» WHAT THE TASK ASKS: Copy verbatim the block of lines in the entries below whose first line contains "r A \<Longrightarrow>" and whose last line contains "by (simp add: rep_top_def sl2_rep_def)". Leave out all other lines.

» Records drawn from a dataset:
BEGIN

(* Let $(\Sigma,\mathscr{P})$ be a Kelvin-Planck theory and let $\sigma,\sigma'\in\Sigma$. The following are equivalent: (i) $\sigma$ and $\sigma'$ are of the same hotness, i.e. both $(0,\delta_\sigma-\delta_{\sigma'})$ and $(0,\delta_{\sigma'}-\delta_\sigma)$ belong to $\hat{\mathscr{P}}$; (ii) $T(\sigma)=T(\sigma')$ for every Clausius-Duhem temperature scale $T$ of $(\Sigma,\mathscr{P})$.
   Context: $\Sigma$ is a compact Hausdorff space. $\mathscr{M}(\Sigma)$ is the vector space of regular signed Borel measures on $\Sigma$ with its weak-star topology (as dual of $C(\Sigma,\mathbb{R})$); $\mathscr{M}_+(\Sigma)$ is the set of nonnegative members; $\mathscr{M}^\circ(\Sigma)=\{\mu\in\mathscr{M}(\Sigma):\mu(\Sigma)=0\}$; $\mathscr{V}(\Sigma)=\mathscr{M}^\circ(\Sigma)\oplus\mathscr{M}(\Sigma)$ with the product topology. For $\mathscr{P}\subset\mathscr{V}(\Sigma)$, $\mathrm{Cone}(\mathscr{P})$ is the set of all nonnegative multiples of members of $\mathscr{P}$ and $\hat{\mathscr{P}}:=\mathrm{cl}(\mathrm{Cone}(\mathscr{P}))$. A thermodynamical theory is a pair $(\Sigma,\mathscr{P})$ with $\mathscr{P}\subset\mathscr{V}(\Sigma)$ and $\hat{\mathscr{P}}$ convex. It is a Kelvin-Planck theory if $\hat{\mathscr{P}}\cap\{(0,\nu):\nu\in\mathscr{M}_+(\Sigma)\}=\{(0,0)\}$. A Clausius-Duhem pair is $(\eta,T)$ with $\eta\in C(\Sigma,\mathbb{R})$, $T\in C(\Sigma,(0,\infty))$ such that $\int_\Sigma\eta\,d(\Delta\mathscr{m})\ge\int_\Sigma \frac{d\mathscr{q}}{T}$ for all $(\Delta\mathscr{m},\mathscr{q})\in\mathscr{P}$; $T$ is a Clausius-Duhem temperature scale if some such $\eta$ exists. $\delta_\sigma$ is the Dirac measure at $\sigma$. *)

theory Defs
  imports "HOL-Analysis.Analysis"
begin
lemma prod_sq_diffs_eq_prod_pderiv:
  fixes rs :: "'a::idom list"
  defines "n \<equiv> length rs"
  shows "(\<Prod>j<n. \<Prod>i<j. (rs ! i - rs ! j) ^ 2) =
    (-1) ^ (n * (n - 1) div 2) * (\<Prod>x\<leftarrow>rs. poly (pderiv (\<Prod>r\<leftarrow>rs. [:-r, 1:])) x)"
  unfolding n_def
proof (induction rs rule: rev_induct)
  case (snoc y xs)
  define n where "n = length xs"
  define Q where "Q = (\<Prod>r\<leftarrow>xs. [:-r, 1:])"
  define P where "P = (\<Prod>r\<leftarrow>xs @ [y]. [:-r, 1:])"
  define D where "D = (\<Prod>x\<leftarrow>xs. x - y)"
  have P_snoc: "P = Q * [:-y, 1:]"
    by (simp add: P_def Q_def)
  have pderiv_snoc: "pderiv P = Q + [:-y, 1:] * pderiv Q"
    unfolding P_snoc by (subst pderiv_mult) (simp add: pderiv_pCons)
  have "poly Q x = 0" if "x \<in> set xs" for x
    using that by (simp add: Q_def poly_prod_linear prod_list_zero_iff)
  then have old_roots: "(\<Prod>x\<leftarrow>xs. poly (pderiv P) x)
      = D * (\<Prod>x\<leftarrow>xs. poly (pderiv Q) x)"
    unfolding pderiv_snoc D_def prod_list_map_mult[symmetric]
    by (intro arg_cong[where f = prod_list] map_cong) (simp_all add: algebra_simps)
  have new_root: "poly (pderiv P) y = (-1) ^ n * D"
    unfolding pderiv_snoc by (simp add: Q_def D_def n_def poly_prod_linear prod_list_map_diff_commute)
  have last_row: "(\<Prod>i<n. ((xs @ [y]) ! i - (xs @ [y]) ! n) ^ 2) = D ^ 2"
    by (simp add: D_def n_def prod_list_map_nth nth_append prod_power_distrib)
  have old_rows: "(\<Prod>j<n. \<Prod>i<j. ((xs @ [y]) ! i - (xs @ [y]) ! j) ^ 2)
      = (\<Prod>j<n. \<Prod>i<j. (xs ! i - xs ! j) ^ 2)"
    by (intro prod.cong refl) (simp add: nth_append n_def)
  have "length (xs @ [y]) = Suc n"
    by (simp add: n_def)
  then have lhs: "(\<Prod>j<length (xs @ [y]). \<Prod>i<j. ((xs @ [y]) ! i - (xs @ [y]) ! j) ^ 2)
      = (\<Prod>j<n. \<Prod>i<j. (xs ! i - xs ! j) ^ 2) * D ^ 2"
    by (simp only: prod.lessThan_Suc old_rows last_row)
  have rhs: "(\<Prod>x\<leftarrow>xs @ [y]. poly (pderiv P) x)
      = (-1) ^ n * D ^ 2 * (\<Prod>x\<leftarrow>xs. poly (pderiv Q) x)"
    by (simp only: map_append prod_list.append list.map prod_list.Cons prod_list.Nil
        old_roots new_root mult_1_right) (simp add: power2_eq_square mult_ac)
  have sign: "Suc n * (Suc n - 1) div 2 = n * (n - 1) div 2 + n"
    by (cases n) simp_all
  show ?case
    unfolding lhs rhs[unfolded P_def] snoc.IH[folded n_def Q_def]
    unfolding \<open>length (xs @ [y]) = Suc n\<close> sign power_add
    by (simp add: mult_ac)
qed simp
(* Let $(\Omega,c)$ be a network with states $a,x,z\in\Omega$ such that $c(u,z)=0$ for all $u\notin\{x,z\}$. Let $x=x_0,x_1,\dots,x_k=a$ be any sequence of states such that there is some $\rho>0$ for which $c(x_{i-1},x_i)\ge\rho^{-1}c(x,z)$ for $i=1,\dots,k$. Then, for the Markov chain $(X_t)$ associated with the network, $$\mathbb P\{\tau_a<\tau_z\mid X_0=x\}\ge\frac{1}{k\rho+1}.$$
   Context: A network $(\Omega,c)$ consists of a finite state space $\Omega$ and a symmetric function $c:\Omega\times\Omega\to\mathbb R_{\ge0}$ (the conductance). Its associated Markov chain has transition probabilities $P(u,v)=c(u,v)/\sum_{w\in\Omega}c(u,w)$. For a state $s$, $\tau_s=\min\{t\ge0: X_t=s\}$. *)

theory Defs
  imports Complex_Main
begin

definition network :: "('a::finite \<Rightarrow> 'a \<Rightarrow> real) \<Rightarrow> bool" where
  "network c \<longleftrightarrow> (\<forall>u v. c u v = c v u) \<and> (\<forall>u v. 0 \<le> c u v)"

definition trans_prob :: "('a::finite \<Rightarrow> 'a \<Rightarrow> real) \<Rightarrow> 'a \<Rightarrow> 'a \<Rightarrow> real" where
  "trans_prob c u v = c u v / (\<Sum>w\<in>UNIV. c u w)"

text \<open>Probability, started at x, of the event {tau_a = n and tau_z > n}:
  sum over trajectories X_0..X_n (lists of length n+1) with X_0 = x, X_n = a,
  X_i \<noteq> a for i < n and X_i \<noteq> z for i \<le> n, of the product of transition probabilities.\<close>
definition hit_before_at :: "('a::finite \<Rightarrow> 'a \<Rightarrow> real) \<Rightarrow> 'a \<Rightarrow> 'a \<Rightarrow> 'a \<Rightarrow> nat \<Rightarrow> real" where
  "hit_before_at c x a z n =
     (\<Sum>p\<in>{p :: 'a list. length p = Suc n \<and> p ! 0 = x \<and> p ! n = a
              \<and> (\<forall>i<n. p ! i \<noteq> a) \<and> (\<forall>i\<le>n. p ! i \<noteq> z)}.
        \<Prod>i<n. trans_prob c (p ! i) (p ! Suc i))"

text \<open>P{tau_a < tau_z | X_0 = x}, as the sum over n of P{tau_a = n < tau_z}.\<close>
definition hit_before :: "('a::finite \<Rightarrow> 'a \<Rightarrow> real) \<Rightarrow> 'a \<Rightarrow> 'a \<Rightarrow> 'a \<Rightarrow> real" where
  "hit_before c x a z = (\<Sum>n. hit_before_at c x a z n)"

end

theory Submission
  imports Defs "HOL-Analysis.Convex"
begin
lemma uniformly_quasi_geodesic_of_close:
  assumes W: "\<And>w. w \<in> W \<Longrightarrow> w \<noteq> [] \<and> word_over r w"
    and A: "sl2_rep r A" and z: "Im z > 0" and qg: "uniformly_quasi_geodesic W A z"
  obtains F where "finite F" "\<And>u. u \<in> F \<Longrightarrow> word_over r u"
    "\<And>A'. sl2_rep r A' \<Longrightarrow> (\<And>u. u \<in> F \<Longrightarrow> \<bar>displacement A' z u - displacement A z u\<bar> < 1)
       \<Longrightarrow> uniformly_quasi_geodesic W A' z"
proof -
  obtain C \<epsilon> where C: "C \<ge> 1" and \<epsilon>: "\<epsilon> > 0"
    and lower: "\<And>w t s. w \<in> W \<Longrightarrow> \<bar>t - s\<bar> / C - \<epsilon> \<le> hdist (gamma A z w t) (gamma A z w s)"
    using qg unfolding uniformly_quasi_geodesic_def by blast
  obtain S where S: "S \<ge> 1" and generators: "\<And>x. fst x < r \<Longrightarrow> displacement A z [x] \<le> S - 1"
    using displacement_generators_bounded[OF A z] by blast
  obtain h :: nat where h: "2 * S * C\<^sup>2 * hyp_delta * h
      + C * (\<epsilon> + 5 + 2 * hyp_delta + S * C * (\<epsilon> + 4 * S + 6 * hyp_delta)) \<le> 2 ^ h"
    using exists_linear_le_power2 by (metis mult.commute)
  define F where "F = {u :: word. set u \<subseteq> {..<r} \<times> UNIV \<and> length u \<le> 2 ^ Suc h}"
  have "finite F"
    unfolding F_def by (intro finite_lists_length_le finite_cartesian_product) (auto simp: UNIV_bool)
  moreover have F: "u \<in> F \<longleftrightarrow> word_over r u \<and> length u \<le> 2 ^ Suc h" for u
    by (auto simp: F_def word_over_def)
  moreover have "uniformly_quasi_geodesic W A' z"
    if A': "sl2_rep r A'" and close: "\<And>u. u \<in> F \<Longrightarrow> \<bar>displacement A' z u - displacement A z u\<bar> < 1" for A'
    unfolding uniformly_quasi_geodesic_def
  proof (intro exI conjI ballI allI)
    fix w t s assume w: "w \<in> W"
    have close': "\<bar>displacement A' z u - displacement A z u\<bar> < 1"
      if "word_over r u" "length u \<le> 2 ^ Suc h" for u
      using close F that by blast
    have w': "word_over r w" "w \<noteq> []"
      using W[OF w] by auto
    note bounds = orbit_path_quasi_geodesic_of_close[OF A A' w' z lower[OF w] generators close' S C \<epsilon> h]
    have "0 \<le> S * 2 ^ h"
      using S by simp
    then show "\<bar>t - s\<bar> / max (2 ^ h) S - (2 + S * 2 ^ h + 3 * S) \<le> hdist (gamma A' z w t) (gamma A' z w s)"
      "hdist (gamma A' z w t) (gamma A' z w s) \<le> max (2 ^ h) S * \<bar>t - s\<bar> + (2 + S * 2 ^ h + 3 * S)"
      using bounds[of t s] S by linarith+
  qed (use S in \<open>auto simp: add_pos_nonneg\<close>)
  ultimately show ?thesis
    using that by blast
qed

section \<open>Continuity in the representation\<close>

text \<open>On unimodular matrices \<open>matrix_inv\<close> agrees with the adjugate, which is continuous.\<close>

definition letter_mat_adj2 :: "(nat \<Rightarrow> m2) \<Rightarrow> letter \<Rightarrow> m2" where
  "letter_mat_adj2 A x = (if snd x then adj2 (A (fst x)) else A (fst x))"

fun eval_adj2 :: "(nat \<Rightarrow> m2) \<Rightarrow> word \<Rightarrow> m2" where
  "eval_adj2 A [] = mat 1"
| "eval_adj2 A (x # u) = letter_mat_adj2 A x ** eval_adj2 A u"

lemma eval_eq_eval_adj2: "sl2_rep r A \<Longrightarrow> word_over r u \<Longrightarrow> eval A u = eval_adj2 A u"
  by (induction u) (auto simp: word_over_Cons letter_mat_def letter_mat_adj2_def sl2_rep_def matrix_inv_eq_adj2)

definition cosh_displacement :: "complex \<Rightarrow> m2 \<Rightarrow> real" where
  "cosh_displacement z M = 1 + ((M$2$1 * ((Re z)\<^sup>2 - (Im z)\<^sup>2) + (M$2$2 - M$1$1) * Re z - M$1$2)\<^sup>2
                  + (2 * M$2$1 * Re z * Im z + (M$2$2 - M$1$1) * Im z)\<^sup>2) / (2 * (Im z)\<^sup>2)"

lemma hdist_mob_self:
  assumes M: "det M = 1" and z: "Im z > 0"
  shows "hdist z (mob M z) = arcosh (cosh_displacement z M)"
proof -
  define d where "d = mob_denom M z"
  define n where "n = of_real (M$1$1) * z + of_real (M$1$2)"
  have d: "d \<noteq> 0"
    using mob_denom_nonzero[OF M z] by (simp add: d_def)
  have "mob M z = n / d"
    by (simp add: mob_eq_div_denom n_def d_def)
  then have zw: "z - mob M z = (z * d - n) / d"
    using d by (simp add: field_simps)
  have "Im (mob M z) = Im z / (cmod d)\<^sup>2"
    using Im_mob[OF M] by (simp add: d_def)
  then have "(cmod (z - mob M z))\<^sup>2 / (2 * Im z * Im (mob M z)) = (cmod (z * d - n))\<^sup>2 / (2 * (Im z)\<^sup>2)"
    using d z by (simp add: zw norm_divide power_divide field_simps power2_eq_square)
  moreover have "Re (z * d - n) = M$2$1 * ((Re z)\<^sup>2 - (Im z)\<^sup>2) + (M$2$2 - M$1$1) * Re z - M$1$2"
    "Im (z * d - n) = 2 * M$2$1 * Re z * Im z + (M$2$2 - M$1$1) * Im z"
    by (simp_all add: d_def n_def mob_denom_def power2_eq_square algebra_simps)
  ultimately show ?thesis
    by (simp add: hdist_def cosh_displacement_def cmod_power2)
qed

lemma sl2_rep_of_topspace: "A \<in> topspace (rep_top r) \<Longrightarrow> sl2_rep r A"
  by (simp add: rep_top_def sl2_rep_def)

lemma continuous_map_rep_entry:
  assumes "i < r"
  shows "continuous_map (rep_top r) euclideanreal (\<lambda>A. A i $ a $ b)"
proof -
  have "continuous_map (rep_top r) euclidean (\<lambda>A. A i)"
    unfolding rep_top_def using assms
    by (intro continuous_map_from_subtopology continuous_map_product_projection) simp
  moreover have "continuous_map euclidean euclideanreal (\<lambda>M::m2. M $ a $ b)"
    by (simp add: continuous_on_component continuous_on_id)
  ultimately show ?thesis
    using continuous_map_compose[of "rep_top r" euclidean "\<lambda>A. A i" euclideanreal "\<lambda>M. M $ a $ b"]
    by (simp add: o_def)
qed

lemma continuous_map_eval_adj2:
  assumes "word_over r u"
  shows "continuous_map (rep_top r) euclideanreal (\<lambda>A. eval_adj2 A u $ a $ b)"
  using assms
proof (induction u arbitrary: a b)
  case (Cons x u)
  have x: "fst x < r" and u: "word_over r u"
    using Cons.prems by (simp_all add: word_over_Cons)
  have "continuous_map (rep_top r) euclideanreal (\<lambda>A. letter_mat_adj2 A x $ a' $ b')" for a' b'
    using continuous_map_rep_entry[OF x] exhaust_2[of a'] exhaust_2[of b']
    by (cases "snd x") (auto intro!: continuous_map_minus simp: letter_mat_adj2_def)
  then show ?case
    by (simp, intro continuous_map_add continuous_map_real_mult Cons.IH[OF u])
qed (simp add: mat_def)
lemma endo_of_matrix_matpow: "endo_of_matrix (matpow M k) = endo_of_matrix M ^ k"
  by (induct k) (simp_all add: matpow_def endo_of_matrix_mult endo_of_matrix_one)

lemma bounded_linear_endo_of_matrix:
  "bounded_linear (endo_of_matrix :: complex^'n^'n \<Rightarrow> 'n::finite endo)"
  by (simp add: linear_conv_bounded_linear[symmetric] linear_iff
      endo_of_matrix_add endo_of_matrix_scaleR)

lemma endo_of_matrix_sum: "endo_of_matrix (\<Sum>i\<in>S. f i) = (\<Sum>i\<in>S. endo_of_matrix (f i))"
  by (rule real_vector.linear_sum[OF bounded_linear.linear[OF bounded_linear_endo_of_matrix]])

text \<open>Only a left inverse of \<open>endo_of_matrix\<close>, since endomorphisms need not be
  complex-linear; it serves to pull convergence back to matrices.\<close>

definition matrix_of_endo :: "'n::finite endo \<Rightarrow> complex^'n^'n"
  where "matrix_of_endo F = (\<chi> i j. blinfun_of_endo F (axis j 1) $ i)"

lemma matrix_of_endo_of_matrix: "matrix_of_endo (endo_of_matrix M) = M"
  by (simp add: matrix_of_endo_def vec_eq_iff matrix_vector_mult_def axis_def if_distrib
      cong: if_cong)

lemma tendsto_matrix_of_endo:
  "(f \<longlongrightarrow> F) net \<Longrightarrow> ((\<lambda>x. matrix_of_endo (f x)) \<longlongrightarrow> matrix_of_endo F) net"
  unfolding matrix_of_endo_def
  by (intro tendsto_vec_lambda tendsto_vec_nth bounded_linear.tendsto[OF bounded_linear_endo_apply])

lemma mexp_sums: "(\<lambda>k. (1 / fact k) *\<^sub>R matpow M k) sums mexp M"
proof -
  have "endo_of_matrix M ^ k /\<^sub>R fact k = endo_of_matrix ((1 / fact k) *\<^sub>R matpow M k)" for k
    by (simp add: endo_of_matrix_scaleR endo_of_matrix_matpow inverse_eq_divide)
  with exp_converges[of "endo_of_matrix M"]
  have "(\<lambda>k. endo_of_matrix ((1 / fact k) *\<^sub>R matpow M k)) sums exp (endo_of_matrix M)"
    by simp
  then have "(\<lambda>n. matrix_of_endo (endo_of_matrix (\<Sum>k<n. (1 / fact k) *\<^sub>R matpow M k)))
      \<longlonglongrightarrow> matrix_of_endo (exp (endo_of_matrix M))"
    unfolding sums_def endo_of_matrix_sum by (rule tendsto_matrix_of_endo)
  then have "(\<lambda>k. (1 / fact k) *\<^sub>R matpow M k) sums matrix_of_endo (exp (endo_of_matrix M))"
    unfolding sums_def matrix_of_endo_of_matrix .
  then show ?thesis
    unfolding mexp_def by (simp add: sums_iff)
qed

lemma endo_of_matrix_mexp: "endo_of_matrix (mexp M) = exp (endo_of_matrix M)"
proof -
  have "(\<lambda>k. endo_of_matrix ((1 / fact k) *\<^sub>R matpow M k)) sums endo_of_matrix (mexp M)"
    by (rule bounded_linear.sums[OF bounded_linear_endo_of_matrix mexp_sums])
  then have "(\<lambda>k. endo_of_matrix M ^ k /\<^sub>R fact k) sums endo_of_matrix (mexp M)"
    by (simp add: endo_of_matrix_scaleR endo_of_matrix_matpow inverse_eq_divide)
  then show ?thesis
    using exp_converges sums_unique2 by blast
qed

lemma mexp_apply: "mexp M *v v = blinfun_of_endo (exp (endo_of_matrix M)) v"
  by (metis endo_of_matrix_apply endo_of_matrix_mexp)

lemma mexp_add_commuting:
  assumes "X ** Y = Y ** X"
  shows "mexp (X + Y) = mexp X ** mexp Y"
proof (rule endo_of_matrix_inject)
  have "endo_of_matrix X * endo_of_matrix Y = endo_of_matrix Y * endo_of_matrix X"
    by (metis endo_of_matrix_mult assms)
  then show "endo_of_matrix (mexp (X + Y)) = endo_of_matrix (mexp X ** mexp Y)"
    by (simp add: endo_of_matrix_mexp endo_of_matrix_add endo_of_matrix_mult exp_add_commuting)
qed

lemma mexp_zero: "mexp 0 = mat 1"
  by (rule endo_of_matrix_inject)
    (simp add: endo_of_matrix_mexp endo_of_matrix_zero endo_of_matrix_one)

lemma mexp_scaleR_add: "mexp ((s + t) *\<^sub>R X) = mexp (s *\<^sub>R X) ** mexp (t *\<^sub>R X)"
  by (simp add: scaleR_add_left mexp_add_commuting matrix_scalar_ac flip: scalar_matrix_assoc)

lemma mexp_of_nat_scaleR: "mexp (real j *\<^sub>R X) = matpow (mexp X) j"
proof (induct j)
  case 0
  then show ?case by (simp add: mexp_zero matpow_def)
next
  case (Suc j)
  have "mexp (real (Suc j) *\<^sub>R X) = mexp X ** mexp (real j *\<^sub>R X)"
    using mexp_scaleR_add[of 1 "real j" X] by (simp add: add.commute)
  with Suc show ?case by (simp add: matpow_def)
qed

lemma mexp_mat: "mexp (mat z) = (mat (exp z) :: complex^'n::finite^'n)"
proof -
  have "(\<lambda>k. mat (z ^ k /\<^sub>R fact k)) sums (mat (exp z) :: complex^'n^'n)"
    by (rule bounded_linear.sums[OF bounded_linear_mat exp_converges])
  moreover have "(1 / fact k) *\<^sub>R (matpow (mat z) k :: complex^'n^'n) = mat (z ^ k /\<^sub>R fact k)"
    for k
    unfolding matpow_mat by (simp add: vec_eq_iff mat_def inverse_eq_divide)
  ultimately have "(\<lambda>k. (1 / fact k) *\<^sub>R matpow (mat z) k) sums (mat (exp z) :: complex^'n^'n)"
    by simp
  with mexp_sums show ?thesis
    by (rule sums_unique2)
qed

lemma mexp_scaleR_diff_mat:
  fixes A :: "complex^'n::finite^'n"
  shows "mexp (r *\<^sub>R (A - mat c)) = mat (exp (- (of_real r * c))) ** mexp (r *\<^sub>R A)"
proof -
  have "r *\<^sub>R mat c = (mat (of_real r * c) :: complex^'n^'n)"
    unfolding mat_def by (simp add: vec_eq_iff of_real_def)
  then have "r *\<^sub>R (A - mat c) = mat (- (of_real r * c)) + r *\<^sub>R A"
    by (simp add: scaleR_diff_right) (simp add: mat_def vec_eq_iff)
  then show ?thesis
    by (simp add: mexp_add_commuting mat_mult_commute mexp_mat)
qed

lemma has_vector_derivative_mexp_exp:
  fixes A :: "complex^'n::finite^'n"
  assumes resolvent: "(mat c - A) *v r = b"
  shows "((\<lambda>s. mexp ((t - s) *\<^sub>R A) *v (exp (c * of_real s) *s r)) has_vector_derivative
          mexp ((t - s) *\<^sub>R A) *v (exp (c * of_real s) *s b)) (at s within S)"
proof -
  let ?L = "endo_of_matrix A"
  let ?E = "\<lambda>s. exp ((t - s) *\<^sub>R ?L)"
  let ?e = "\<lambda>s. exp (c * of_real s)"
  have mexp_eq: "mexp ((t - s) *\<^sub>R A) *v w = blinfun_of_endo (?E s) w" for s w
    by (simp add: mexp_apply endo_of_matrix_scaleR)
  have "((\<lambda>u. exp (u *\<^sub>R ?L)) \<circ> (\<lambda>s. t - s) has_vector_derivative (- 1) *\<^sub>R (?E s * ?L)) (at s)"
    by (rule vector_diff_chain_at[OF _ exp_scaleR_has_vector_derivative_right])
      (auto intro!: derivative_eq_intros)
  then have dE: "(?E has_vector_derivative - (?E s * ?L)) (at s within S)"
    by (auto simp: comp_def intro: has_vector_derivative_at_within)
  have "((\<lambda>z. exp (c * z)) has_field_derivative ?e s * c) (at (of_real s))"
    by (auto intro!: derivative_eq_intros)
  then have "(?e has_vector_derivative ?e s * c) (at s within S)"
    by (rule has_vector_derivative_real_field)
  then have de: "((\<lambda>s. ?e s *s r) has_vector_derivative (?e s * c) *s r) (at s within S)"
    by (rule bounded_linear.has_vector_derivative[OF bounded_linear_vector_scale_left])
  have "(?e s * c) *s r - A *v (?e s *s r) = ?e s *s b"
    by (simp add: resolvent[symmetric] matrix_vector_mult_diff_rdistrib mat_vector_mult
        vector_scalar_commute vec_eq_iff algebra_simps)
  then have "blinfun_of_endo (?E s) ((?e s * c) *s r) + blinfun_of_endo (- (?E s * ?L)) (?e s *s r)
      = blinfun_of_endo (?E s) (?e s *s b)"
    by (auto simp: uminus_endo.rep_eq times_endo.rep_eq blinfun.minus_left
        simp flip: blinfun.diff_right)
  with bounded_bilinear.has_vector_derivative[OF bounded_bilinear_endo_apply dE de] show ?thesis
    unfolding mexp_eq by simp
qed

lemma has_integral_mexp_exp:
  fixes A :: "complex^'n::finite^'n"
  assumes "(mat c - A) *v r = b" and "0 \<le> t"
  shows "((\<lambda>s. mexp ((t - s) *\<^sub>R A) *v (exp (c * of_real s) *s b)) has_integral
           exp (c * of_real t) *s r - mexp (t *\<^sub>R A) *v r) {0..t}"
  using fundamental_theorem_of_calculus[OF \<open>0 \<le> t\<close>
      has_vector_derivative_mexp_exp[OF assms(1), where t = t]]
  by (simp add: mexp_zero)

END

» TASK OUTPUT:
lemma eval_eq_eval_adj2: "sl2_rep r A \<Longrightarrow> word_over r u \<Longrightarrow> eval A u = eval_adj2 A u"
  by (induction u) (auto simp: word_over_Cons letter_mat_def letter_mat_adj2_def sl2_rep_def matrix_inv_eq_adj2)

definition cosh_displacement :: "complex \<Rightarrow> m2 \<Rightarrow> real" where
  "cosh_displacement z M = 1 + ((M$2$1 * ((Re z)\<^sup>2 - (Im z)\<^sup>2) + (M$2$2 - M$1$1) * Re z - M$1$2)\<^sup>2
                  + (2 * M$2$1 * Re z * Im z + (M$2$2 - M$1$1) * Im z)\<^sup>2) / (2 * (Im z)\<^sup>2)"

lemma hdist_mob_self:
  assumes M: "det M = 1" and z: "Im z > 0"
  shows "hdist z (mob M z) = arcosh (cosh_displacement z M)"
proof -
  define d where "d = mob_denom M z"
  define n where "n = of_real (M$1$1) * z + of_real (M$1$2)"
  have d: "d \<noteq> 0"
    using mob_denom_nonzero[OF M z] by (simp add: d_def)
  have "mob M z = n / d"
    by (simp add: mob_eq_div_denom n_def d_def)
  then have zw: "z - mob M z = (z * d - n) / d"
    using d by (simp add: field_simps)
  have "Im (mob M z) = Im z / (cmod d)\<^sup>2"
    using Im_mob[OF M] by (simp add: d_def)
  then have "(cmod (z - mob M z))\<^sup>2 / (2 * Im z * Im (mob M z)) = (cmod (z * d - n))\<^sup>2 / (2 * (Im z)\<^sup>2)"
    using d z by (simp add: zw norm_divide power_divide field_simps power2_eq_square)
  moreover have "Re (z * d - n) = M$2$1 * ((Re z)\<^sup>2 - (Im z)\<^sup>2) + (M$2$2 - M$1$1) * Re z - M$1$2"
    "Im (z * d - n) = 2 * M$2$1 * Re z * Im z + (M$2$2 - M$1$1) * Im z"
    by (simp_all add: d_def n_def mob_denom_def power2_eq_square algebra_simps)
  ultimately show ?thesis
    by (simp add: hdist_def cosh_displacement_def cmod_power2)
qed

lemma sl2_rep_of_topspace: "A \<in> topspace (rep_top r) \<Longrightarrow> sl2_rep r A"
  by (simp add: rep_top_def sl2_rep_def)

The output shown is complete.